Quelle est la proportion du bonheur conjugal aujourd’hui?

25 % des personnes que nous avons rencontrées ont répondu ne pas connaitre le bonheur conjugal, soit une personne sur quatre. Nous sommes appelés à vivre avec des gens qui ne sont pas heureux, qui sont vulnérables, susceptibles et régulièrement irrités en l’absence du bonheur conjugal. La bonne préparation et la bonne information sont des facteurs qui peuvent aider les couples à mieux se porter. Les couples voient la définition du bonheur avec des points de vue opposés. Le bonheur, c’est l’effort que l’on fait pour rendre son partenaire heureux. 

Dans quelle catégorie classez-vous alors les pervers narcissiques qui refusent de s’améliorer malgré les efforts de leurs partenaires ?

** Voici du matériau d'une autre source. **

lemma int_vec4_in_lattice_S_iff:
  "int_vec4 u v w t \<in> lattice_S (of_int d12) (of_int d13) (of_int d23) (of_int d24) (of_int d34)
    \<longleftrightarrow> d34 * v + d24 * w + d23 * t = 0 \<and> d23 * u + d13 * v + d12 * w = 0"
proof -
  have "\<forall>i. int_vec4 u v w t $ i \<in> \<int>" by (simp add: forall_4)
  moreover have "real_of_int d34 * of_int v + of_int d24 * of_int w + of_int d23 * of_int t = 0
      \<longleftrightarrow> d34 * v + d24 * w + d23 * t = 0"
    "real_of_int d23 * of_int u + of_int d13 * of_int v + of_int d12 * of_int w = 0
      \<longleftrightarrow> d23 * u + d13 * v + d12 * w = 0"
    by (metis of_int_add of_int_mult of_int_eq_0_iff)+
  ultimately show ?thesis by (simp add: lattice_S_def)
qed

lemma independent_pair_by_coordinate:
  fixes U V :: "real^'n"
  assumes "U $ i \<noteq> 0" "V $ i = 0" "V \<noteq> 0"
  shows "independent {U, V}"
proof (rule independent_insertI)
  show "independent {V}" using assms(3) by simp
  show "U \<notin> span {V}"
  proof
    assume "U \<in> span {V}"
    then obtain t where "U = t *\<^sub>R V" by (auto simp: span_singleton)
    then show False using assms(1,2) by simp
  qed
qed
lemma saga_run_in_interior:
  assumes x0: "x0 \<in> interior C"
  shows "fst (saga_run C h gh n gf eta x0 is) \<in> interior C"
proof (induction "is" rule: rev_induct)
  case Nil
  then show ?case using x0 by (simp add: saga_run_def)
next
  case (snoc i "is")
  then show ?case
    by (cases "saga_run C h gh n gf eta x0 is") (simp add: saga_run_snoc saga_step_eq mirror_in_interior)
qed

lemma expected_psi_Suc_le:
  assumes x0: "x0 \<in> interior C"
  shows "saga_expected_psi C h gh n f gf eta x0 xstar (Suc t)
    \<le> (1 - rho) * saga_expected_psi C h gh n f gf eta x0 xstar t"
proof -
  define P where "P is = psi (saga_run C h gh n gf eta x0 is)" for "is"
  have E: "saga_expected_psi C h gh n f gf eta x0 xstar t' = (\<Sum>is\<in>index_seqs n t'. P is) / real n ^ t'" for t'
    unfolding saga_expected_psi_def P_def index_seqs_def ..
  have "(\<Sum>is\<in>index_seqs n (Suc t). P is) \<le> (\<Sum>is\<in>index_seqs n t. real n * (1 - rho) * P is)"
    unfolding sum_index_seqs_Suc
  proof (rule sum_mono)
    fix "is"
    obtain x ph where st: "saga_run C h gh n gf eta x0 is = (x, ph)" by fastforce
    then have "x \<in> interior C" using saga_run_in_interior[OF x0, of "is"] by simp
    then show "(\<Sum>i<n. P (is @ [i])) \<le> real n * (1 - rho) * P is"
      unfolding P_def saga_run_snoc st by (rule saga_one_step)
  qed
  then have "(\<Sum>is\<in>index_seqs n (Suc t). P is) / real n ^ Suc t
      \<le> real n * (1 - rho) * (\<Sum>is\<in>index_seqs n t. P is) / real n ^ Suc t"
    by (simp add: sum_distrib_left divide_right_mono)
  also have "\<dots> = (1 - rho) * ((\<Sum>is\<in>index_seqs n t. P is) / real n ^ t)"
    using n by (simp add: field_simps)
  finally show ?thesis unfolding E .
qed

lemma expected_psi_le:
  assumes x0: "x0 \<in> interior C"
  shows "saga_expected_psi C h gh n f gf eta x0 xstar t
    \<le> (1 - rho) ^ t * saga_expected_psi C h gh n f gf eta x0 xstar 0"
proof (induction t)
  case (Suc t)
  have "0 \<le> 1 - rho" using rho_le_1 by simp
  then show ?case
    using order_trans[OF expected_psi_Suc_le[OF x0] mult_left_mono[OF Suc]] by (simp add: mult.assoc)
qed simp

end

theorem corollary2:
  fixes C :: "'a::euclidean_space set"
    and h :: "'a \<Rightarrow> ereal" and gh :: "'a \<Rightarrow> 'a"
    and n :: nat and f :: "nat \<Rightarrow> 'a \<Rightarrow> real" and gf :: "nat \<Rightarrow> 'a \<Rightarrow> 'a"
    and L_rel mu_rel :: real and N :: "'a \<Rightarrow> real" and mu_h L_f :: real
    and x0 xstar :: 'a
  assumes C: "closed C" "convex C"
    and h_range: "\<forall>x. h x \<noteq> -\<infinity>"
    and h_fin: "\<forall>x\<in>interior C. h x \<noteq> \<infinity>"
    and h_grad: "\<forall>x\<in>interior C.
        ((\<lambda>y. real_of_ereal (h y)) has_derivative (\<lambda>v. gh x \<bullet> v)) (at x)"
    and h_C2: "\<exists>H :: 'a \<Rightarrow> 'a \<Rightarrow>\<^sub>L 'a. (\<forall>x\<in>interior C. (gh has_derivative blinfun_apply (H x)) (at x))
        \<and> continuous_on (interior C) H"
    and h_strict: "strict_convex_on (interior C) (\<lambda>x. real_of_ereal (h x))"
    and h_mirror: "\<forall>y. \<exists>!x. x \<in> C \<and> (\<forall>z\<in>C. h x - ereal (x \<bullet> y) \<le> h z - ereal (z \<bullet> y))"
    and h_mirror_int: "\<forall>y x. x \<in> C \<and> (\<forall>z\<in>C. h x - ereal (x \<bullet> y) \<le> h z - ereal (z \<bullet> y))
        \<longrightarrow> x \<in> interior C"
    and n: "n \<ge> 1"
    and f_grad: "\<forall>i<n. \<forall>x. (f i has_derivative (\<lambda>v. gf i x \<bullet> v)) (at x)"
    and f_convex: "\<forall>i<n. convex_on UNIV (f i)"
    and rel_smooth: "\<forall>i<n. \<forall>x\<in>interior C. \<forall>y\<in>interior C.
        bregman (f i) (gf i) x y \<le> L_rel * bregman (\<lambda>x. real_of_ereal (h x)) gh x y"
    and rel_sc: "\<forall>x\<in>interior C. \<forall>y\<in>interior C.
        bregman (\<lambda>x. (\<Sum>i<n. f i x) / real n) (\<lambda>x. (1 / real n) *\<^sub>R (\<Sum>i<n. gf i x)) x y
          \<ge> mu_rel * bregman (\<lambda>x. real_of_ereal (h x)) gh x y"
    and mu_rel: "mu_rel > 0"
    and xstar: "xstar \<in> interior C" "\<forall>x\<in>C. (\<Sum>i<n. f i xstar) / real n \<le> (\<Sum>i<n. f i x) / real n"
    and x0: "x0 \<in> interior C"
    and N: "is_norm N"
    and mu_h: "mu_h > 0"
    and h_sc: "\<forall>x\<in>interior C. \<forall>y\<in>interior C.
        real_of_ereal (h y) \<ge> real_of_ereal (h x) + gh x \<bullet> (y - x) + mu_h / 2 * (N (y - x))\<^sup>2"
    and L_f: "L_f > 0"
    and f_smooth: "\<forall>i<n. \<forall>x y. dual_norm N (gf i x - gf i y) \<le> L_f * N (x - y)"
  shows "\<forall>t. saga_expected_psi C h gh n f gf (mu_h / (8 * L_f)) x0 xstar t
     \<le> (1 - min (mu_h * mu_rel / (8 * L_f)) (1 / (2 * real n))) ^ t
        * saga_expected_psi C h gh n f gf (mu_h / (8 * L_f)) x0 xstar 0"
proof -
  interpret bregman_saga C h gh N mu_h n f gf mu_rel L_f xstar
    using h_range h_fin h_grad h_mirror h_mirror_int N mu_h h_sc n f_grad f_convex rel_sc mu_rel
      xstar L_f f_smooth
    by unfold_locales auto
  show ?thesis using expected_psi_le[OF x0] unfolding eta_def rho_def by blast
qed
(* Let $D_n=\sum_{k=0}^n\binom{n}{k}^2\binom{2k}{k}\binom{2(n-k)}{n-k}$ for $n\ge 0$ (the Domb numbers). Then the ratio sequence $\{D_{n+1}/D_n\}_{n\ge 0}$ is ratio log-convex, i.e. the sequence $\{y_n\}_{n\ge0}$ with $y_n=\frac{D_{n+2}D_n}{D_{n+1}^2}$ satisfies $y_{n-1}y_{n+1}\ge y_n^2$ for all $n\ge 1$.
   Context: A sequence $\{x_n\}$ of positive numbers is log-convex if $x_{n-1}x_{n+1}\ge x_n^2$ for all $n\ge1$; it is called ratio log-convex if $\{x_{n+1}/x_n\}$ is log-convex. *)

theory Defs
  imports Complex_Main
begin

definition domb :: "nat \<Rightarrow> nat" where
  "domb n = (\<Sum>k=0..n. (n choose k)^2 * ((2*k) choose k) * ((2*(n-k)) choose (n-k)))"

definition log_convex :: "(nat \<Rightarrow> real) \<Rightarrow> bool" where
  "log_convex x \<longleftrightarrow> (\<forall>n\<ge>1. x (n-1) * x (n+1) \<ge> (x n)^2)"

definition ratio_log_convex :: "(nat \<Rightarrow> real) \<Rightarrow> bool" where
  "ratio_log_convex x \<longleftrightarrow> log_convex (\<lambda>n. x (n+1) / x n)"

end

theory Submission
  imports Defs
begin

text \<open>
  Zeilberger's algorithm yields the recurrence
  \<open>(n+2)\<^sup>3 D(n+2) = 2(2n+3)(5n\<^sup>2+15n+12) D(n+1) - 64(n+1)\<^sup>3 D(n)\<close>,
  certified by a rational function that makes the recurrence operator applied to the summand
  telescope in \<open>k\<close>. For the ratios \<open>r(n) = D(n+1)/D(n)\<close> it becomes
  \<open>r(n+1) = (A - 64(n+1)\<^sup>3/r(n))/(n+2)\<^sup>3\<close>, with \<open>A\<close> the middle coefficient, a map
  increasing in \<open>r(n)\<close> which keeps \<open>r(n)\<close> between \<open>(16n-8)/(n+1)\<close> and \<open>32n/(2n+3)\<close> for \<open>n \<ge> 2\<close>.
  Ratio log-convexity is \<open>r(n-1) r(n+1)\<^sup>3 \<le> r(n)\<^sup>3 r(n+2)\<close>; expressing the three
  outer ratios through \<open>r(n)\<close> turns it into the nonnegativity of a polynomial in \<open>n\<close> and
  \<open>r(n)\<close> on that strip, which is witnessed by a Bernstein expansion with nonnegative
  coefficients.
\<close>

section \<open>The recurrence of the Domb numbers\<close>

definition domb_summand :: "nat \<Rightarrow> nat \<Rightarrow> real" where
  "domb_summand n k = real ((n choose k)^2 * ((2*k) choose k) * ((2*(n-k)) choose (n-k)))"

lemma domb_summand_eq_0: "n < k \<Longrightarrow> domb_summand n k = 0"
  by (simp add: domb_summand_def)

lemma domb_summand_pos: "k \<le> n \<Longrightarrow> domb_summand n k > 0"
  by (simp add: domb_summand_def)

lemma domb_summand_sym: "k \<le> n \<Longrightarrow> domb_summand n (n - k) = domb_summand n k"
  unfolding domb_summand_def using binomial_symmetric[of k n] by (simp add: mult.commute)

lemma fact_add_eq_choose: "fact (a + b) = real (a + b choose a) * fact a * fact b"
  using binomial_fact[of a "a + b", where 'a=real] by (simp add: field_simps)

lemma domb_summand_fact:
  "domb_summand (k + m) k = fact (k+m)^2 * fact (2*k) * fact (2*m) / (fact k^4 * fact m^4)"
proof -
  have "fact (k+m)^2 * fact (2*k) * fact (2*m) = domb_summand (k + m) k * (fact k^4 * fact m^4)"
    unfolding fact_add_eq_choose[of k m] mult_2 fact_add_eq_choose[of k k] fact_add_eq_choose[of m m]
    by (simp add: domb_summand_def mult_2) algebra
  then show ?thesis by simp
qed
lemma card_path_decomposition_edges:
  assumes decomposition: "path_decomposition E m v V" and "r < m" "r' < m" "r \<noteq> r'"
  shows "card {(x, y). x \<in> V r \<and> y \<in> V r' \<and> E x y} \<le> 1"
proof -
  obtain P where P: "\<And>r. r < m \<Longrightarrow> is_gpath E (P r) \<and> set (P r) = V r \<and> hd (P r) = v r"
    using path_decomposition_gpaths[OF decomposition] by blast
  have "set (P r) \<inter> set (P r') = {}"
    using decomposition P assms unfolding path_decomposition_def by simp
  then have "e1 = e2" if "e1 \<in> {(x, y). x \<in> V r \<and> y \<in> V r' \<and> E x y}"
    "e2 \<in> {(x, y). x \<in> V r \<and> y \<in> V r' \<and> E x y}" for e1 e2
    using that P[OF \<open>r < m\<close>] P[OF \<open>r' < m\<close>] disjoint_gpaths_single_edge[of "P r" "P r'"] by auto
  then show ?thesis by (simp add: card_le_Suc0_iff_eq)
qed

end

theorem theorem2:
  fixes E :: "'n::finite \<Rightarrow> 'n \<Rightarrow> bool" and m :: nat and v :: "nat \<Rightarrow> 'n"
  assumes "is_tree E"
    and "m \<ge> 2"
    and "inj_on v {..<m}"
  shows "(SSC E m v \<longleftrightarrow> (\<exists>V. path_decomposition E m v V)) \<and>
         (\<forall>V. path_decomposition E m v V \<longrightarrow>
            (\<forall>r<m. \<forall>r'<m. r \<noteq> r' \<longrightarrow> card {(x, y). x \<in> V r \<and> y \<in> V r' \<and> E x y} \<le> 1))"
proof -
  interpret forest E using assms(1) by unfold_locales (simp_all add: is_tree_def)
  have "SSC E m v \<longleftrightarrow> (\<forall>F. fort E F \<longrightarrow> (\<exists>r<m. v r \<in> F))"
    using SSC_if_forts_meet_inputs fort_meets_inputs_if_SSC by blast
  also have "\<dots> \<longleftrightarrow> (\<exists>V. path_decomposition E m v V)"
    using path_decomposition_if_forts_meet_inputs[OF assms(3)]
      fort_meets_inputs_if_path_decomposition by blast
  finally show ?thesis using card_path_decomposition_edges by blast
qed

end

C’est trop hasardeux pour un individu lambda de qualifier son partenaire de pervers narcissique. Personne ne peut volontairement répéter ses erreurs. Seuls les professionnels peuvent le dire dans la mesure de leur compétence et de leur limite. Tout est question de schéma thérapeutique pour arriver à de meilleurs résultats. Nous portons les stigmates de ce qu’on appelle en psychologie « l’histoire avant l’histoire». Si on suppose que notre histoire a commencé le jour de la fécondation, beaucoup de choses se sont produites avant que les gamètes se rencontrent pour favoriser la fécondation.

Quelles sont les chances de guérison des blessures affectives ?

Tout n’est pas perdu. On ne guérit pas spontanément. Il faut s’accrocher à des personnes capables de nous aider. John Gray propose trois pistes de guérison. On peut guérir des blessures affectives par ‘’l’imitation constructive’’. La personne qui vous a blessé peut vous aider à guérir le jour où elle se met à votre place.

Le deuxième schéma thérapeutique que propose l’auteur, c’est ‘’l’exploitation des ressorts de la colère’’. Pour lui, il s’agit d’aller à la racine des problèmes. Il faut transformer les raisons de sa colère en motivation.

Le troisième remède, c’est ‘’l’écriture émotionnelle’’. Elle consiste à déverser notre amertume sur un papier à l’aide d’un stylo comme on aurait voulu le faire au moment de la blessure. En le faisant, nous déchargeons notre système psychique de la tension liée à cette blessure. Ce papier est destiné à un usage personnel. Vous pouvez le lire et le relire plusieurs fois seul avant de le jeter.